WHAT THE EXERCISE ASKS: Below are the entries. Transcribe exactly the lines from the one with "unfolding q prep_pair_def" through the one with "by (simp only: sum_root4_qform_pair)", ends included, and leave out all others.

(Saved data entries)
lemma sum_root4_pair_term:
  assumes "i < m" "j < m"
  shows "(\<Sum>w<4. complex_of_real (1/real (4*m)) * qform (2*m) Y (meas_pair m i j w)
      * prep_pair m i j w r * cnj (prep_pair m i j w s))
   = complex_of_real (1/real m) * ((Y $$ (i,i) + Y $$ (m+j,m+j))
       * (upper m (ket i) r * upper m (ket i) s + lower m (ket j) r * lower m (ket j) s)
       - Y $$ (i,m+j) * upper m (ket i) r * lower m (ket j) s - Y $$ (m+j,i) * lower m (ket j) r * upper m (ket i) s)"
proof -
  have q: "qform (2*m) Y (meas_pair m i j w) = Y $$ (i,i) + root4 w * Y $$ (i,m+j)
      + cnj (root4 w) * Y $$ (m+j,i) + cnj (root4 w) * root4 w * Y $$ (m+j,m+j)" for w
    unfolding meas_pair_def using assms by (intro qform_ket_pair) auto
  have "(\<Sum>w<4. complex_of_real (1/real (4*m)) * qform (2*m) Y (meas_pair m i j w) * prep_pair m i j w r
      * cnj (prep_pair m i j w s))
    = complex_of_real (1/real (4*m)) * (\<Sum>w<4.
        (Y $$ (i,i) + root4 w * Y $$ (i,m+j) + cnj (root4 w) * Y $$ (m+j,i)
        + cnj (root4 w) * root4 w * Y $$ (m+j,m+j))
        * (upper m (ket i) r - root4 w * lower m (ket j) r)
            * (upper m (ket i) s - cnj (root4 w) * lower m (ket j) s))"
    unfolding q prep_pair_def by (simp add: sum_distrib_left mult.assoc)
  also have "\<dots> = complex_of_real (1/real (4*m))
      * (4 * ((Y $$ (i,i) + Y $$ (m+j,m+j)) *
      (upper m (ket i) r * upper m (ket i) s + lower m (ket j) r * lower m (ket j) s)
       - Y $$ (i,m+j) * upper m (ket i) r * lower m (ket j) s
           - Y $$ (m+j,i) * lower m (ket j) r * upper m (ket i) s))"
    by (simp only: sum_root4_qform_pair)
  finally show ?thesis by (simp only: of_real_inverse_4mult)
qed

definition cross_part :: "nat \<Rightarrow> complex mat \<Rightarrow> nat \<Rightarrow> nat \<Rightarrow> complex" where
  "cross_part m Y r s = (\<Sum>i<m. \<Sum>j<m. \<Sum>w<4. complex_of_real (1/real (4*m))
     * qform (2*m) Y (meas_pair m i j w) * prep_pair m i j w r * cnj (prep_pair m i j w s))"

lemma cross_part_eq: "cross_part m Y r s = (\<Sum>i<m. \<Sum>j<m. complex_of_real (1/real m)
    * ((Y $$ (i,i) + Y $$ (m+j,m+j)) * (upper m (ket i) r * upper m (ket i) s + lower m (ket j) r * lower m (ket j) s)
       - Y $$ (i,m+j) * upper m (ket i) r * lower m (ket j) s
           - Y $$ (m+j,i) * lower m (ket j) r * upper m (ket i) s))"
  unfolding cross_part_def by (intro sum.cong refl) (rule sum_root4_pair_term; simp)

OUTPUT OF THE EXERCISE:
    unfolding q prep_pair_def by (simp add: sum_distrib_left mult.assoc)
  also have "\<dots> = complex_of_real (1/real (4*m))
      * (4 * ((Y $$ (i,i) + Y $$ (m+j,m+j)) *
      (upper m (ket i) r * upper m (ket i) s + lower m (ket j) r * lower m (ket j) s)
       - Y $$ (i,m+j) * upper m (ket i) r * lower m (ket j) s
           - Y $$ (m+j,i) * lower m (ket j) r * upper m (ket i) s))"
    by (simp only: sum_root4_qform_pair)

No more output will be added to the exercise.